Content starts

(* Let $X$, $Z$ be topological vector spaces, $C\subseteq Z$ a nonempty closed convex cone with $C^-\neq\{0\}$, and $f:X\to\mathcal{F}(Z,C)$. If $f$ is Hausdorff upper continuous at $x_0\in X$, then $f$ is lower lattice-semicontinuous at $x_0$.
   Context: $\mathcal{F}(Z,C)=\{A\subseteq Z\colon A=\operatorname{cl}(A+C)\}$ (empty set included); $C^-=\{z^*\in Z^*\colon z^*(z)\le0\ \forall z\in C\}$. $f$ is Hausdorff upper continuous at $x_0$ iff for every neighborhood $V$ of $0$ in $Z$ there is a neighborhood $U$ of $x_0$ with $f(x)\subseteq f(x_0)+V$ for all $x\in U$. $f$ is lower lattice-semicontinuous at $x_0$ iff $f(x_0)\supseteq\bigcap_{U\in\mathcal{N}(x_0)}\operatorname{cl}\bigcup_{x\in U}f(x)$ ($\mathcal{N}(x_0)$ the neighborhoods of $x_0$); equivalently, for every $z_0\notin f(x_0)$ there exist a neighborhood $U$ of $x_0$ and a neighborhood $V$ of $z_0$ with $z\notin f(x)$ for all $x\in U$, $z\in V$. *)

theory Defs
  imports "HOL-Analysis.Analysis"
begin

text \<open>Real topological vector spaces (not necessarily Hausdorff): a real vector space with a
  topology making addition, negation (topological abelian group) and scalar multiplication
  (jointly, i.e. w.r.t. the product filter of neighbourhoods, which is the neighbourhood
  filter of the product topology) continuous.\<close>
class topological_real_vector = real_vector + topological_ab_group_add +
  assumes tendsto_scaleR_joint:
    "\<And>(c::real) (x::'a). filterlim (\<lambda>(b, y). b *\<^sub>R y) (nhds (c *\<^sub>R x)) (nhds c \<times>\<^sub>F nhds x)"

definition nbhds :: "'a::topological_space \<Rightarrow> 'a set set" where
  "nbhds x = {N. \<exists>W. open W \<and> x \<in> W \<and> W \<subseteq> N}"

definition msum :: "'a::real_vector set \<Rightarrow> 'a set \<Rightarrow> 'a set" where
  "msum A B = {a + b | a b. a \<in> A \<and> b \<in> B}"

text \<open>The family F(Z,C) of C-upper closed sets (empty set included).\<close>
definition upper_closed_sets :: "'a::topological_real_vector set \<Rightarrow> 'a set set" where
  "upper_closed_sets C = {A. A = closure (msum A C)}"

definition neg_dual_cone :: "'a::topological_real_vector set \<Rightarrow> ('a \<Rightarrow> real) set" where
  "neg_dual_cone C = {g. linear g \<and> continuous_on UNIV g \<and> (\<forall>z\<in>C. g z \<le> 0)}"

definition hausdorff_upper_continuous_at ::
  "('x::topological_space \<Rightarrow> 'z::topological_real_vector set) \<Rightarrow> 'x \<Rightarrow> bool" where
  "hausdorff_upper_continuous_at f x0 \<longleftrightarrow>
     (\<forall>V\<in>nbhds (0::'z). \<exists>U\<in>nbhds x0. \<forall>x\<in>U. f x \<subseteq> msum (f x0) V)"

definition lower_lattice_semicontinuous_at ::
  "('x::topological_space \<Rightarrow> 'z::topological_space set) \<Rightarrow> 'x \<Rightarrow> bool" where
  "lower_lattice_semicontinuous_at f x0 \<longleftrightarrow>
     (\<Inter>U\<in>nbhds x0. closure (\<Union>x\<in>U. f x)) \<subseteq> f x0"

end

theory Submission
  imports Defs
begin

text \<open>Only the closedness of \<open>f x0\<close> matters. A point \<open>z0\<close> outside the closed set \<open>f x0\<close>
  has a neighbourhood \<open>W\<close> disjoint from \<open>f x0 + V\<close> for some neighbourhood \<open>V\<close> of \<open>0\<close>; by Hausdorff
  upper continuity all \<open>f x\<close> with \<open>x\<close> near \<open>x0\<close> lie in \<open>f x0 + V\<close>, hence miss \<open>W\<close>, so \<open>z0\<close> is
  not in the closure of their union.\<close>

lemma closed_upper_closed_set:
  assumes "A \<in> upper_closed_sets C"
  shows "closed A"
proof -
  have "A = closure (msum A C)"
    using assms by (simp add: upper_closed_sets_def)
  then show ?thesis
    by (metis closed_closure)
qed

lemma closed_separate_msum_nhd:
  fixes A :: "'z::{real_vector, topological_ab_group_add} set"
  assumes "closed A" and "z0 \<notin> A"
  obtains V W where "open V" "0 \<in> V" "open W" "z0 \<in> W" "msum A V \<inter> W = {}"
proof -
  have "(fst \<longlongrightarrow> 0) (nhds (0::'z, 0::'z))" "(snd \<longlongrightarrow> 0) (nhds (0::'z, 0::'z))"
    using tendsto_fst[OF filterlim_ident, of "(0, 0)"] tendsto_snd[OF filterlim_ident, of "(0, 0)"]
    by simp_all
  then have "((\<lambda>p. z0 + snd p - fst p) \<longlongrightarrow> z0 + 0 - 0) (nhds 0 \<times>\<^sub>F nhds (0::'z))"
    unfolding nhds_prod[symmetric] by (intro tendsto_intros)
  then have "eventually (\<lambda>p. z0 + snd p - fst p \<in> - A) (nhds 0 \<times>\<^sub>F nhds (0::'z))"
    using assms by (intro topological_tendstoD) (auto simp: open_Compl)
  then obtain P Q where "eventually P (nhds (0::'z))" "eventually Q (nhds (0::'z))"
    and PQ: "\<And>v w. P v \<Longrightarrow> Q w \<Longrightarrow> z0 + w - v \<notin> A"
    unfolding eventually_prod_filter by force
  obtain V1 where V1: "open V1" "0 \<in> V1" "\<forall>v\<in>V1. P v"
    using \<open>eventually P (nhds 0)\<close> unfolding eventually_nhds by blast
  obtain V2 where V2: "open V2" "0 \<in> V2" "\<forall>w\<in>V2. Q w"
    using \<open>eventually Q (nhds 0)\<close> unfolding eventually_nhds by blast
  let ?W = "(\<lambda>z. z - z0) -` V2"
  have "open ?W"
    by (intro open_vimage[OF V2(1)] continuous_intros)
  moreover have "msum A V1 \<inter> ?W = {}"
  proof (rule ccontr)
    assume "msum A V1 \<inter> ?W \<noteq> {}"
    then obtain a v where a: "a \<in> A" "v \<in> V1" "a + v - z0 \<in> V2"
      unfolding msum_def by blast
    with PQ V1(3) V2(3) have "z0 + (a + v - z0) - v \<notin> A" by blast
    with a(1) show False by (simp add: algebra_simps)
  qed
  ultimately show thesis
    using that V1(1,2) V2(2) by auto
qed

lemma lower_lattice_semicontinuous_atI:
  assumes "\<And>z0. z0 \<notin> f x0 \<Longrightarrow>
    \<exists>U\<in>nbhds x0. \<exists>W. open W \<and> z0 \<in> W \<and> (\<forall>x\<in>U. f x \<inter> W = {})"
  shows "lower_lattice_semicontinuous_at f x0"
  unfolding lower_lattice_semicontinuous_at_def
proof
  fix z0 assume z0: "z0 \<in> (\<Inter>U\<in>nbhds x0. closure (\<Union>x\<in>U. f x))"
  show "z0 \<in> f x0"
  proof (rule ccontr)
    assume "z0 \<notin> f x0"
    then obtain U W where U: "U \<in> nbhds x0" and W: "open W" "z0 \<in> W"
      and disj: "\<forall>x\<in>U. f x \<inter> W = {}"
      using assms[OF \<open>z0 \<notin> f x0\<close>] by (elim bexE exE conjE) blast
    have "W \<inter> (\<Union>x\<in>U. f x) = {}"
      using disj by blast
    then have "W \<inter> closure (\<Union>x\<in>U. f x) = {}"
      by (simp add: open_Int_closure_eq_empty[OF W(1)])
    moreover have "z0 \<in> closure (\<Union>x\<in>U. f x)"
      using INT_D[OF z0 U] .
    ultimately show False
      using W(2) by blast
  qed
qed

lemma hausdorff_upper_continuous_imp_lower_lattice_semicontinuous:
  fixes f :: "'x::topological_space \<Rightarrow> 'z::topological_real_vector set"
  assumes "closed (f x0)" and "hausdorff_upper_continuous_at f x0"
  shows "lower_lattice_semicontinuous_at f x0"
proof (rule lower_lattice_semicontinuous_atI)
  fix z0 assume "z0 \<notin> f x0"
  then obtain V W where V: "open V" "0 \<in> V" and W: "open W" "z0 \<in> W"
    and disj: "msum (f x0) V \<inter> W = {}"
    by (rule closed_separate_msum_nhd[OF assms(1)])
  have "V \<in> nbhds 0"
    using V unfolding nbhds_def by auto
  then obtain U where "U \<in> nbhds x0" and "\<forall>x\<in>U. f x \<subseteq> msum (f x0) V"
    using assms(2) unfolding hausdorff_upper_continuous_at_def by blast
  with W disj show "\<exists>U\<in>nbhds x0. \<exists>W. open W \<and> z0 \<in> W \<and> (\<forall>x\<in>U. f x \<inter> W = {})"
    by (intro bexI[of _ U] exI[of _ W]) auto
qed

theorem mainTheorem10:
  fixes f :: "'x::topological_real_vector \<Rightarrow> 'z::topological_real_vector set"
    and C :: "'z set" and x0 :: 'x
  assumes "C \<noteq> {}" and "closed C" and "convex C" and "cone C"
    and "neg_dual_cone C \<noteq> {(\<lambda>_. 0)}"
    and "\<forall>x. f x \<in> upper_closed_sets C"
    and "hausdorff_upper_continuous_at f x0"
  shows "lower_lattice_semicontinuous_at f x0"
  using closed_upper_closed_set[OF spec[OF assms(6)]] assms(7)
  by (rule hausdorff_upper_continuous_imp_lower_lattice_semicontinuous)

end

Content ends
Content starts

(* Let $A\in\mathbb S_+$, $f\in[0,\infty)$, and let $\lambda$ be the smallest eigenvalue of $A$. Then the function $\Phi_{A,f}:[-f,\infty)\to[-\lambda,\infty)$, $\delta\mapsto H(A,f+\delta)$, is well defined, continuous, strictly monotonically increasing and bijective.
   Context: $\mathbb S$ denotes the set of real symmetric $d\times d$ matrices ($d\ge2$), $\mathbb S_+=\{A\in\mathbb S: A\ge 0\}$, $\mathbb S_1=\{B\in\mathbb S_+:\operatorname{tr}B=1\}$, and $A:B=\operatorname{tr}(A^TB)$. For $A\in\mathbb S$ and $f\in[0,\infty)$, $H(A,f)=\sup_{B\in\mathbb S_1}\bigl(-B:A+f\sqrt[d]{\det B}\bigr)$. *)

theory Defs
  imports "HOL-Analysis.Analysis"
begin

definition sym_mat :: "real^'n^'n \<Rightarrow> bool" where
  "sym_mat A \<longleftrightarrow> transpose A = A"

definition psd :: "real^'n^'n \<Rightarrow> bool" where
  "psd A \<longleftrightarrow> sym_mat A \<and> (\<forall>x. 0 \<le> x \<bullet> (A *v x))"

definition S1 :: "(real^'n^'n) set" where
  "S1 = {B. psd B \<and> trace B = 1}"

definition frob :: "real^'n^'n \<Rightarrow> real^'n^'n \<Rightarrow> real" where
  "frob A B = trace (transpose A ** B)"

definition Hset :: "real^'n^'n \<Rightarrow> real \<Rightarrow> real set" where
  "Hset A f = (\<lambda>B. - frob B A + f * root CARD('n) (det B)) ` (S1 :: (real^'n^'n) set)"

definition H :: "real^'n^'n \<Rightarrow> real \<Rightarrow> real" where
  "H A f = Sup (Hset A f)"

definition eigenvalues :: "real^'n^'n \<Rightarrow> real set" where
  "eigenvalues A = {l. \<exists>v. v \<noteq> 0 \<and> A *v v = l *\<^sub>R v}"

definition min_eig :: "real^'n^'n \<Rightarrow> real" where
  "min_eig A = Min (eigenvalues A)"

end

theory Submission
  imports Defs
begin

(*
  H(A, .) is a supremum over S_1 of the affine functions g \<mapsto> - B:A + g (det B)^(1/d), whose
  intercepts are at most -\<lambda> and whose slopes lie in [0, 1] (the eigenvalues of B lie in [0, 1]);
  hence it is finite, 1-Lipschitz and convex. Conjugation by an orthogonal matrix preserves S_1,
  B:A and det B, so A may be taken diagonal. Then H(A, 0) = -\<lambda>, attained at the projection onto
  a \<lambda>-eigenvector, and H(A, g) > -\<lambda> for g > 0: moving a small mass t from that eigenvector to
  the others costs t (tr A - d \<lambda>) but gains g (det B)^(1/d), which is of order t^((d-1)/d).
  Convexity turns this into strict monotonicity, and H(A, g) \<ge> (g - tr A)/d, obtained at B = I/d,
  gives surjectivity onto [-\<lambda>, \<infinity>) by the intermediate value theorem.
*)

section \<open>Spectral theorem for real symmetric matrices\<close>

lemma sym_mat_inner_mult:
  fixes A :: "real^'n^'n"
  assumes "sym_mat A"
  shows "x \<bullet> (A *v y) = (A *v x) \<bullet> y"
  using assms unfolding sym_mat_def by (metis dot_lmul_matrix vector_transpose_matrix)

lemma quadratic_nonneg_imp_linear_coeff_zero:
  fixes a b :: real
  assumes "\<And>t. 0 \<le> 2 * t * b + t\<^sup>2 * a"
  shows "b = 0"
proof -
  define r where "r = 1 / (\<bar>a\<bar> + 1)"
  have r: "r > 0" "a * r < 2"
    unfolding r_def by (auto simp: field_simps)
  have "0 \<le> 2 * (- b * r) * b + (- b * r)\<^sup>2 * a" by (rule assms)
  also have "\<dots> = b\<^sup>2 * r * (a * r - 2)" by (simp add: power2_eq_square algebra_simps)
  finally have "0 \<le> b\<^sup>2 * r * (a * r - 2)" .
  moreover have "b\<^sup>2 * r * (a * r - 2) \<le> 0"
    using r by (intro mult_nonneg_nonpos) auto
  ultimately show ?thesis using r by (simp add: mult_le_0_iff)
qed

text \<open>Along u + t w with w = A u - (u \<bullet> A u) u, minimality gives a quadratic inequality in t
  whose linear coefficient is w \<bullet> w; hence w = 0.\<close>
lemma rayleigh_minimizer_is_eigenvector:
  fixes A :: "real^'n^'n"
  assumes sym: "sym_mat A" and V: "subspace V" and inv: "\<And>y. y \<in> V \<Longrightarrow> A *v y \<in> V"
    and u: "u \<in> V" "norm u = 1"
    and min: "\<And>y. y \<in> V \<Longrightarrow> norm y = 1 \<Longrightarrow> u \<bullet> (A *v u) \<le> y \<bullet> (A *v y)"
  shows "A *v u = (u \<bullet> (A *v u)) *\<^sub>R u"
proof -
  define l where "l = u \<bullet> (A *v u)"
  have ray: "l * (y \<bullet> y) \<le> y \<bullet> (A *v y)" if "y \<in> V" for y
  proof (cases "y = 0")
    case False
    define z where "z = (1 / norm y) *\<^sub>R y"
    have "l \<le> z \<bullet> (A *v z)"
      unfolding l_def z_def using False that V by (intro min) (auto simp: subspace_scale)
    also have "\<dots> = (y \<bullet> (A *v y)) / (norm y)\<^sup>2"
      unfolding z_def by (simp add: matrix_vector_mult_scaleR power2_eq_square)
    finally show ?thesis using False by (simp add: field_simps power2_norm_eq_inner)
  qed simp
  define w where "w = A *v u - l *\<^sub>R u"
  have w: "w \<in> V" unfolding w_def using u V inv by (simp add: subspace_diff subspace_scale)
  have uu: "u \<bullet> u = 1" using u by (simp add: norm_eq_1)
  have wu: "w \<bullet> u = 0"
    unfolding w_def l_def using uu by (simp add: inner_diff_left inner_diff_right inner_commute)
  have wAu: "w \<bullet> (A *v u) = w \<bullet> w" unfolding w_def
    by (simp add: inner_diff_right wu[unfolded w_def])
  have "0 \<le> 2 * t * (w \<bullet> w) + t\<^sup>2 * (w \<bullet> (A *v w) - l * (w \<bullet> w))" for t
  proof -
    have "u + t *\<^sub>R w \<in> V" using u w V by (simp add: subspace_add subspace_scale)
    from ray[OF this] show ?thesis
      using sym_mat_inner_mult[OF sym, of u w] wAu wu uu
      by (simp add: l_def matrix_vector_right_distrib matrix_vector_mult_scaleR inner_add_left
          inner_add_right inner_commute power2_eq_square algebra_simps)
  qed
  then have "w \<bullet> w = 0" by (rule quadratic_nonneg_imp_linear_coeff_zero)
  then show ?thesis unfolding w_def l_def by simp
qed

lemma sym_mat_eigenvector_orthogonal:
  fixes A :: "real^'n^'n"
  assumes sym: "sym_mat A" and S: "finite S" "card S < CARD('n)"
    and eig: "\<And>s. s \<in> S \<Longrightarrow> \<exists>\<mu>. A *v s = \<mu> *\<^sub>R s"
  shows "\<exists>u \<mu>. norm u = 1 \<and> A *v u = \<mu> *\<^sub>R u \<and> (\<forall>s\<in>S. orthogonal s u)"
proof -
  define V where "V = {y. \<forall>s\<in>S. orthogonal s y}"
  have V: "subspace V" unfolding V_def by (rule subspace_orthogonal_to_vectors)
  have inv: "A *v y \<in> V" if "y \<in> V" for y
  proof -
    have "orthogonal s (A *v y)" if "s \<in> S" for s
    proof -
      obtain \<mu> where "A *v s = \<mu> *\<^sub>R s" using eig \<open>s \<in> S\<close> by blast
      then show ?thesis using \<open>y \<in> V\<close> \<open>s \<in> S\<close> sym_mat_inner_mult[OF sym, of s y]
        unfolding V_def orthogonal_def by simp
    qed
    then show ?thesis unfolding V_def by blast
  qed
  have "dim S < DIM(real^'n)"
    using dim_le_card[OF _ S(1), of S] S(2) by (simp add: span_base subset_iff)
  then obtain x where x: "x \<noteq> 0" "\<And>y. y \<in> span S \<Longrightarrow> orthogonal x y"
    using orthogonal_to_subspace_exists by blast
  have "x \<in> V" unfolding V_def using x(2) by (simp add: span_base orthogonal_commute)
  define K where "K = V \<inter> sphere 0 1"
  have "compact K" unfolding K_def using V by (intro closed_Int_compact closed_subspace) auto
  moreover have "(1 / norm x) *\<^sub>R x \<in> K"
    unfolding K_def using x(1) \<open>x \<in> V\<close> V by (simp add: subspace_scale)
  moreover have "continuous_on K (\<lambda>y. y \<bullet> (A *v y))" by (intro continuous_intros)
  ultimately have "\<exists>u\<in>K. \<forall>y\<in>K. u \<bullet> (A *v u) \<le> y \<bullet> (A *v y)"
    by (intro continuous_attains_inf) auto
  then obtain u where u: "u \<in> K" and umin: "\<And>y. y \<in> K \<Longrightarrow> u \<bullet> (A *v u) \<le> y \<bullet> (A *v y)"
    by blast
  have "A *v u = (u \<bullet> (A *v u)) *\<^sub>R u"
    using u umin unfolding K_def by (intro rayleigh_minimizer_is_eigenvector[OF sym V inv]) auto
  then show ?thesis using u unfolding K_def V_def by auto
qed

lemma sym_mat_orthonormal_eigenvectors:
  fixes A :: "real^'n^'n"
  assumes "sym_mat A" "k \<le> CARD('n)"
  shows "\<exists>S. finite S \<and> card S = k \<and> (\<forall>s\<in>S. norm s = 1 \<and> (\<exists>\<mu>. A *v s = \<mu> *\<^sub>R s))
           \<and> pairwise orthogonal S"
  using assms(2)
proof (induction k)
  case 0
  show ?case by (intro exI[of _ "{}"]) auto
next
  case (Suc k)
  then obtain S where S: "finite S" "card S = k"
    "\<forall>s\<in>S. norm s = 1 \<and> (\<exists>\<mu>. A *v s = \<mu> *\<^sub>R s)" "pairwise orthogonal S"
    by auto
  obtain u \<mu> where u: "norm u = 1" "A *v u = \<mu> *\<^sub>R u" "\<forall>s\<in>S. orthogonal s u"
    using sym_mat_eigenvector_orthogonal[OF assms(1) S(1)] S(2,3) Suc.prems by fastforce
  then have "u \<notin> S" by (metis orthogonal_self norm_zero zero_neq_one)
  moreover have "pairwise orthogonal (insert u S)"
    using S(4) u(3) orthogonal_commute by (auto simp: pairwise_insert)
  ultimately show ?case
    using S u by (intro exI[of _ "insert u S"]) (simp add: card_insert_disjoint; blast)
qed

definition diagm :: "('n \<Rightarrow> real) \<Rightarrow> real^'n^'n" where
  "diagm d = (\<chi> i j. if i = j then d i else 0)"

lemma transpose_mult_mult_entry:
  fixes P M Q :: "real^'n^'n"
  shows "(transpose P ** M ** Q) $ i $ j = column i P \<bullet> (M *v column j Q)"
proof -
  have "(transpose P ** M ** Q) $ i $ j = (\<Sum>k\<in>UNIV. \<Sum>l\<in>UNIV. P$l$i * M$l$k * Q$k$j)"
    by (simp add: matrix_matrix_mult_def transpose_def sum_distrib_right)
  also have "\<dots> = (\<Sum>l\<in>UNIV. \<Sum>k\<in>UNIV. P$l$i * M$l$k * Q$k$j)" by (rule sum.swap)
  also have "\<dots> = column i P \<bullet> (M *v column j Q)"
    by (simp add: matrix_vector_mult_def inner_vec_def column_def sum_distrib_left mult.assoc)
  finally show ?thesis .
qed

Content ends

- **Exercise brief**
In the entries above, which lines hold the word "this"? Copy them out.

- **Written reply**
  Convexity turns this into strict monotonicity, and H(A, g) \<ge> (g - tr A)/d, obtained at B = I/d,
    from ray[OF this] show ?thesis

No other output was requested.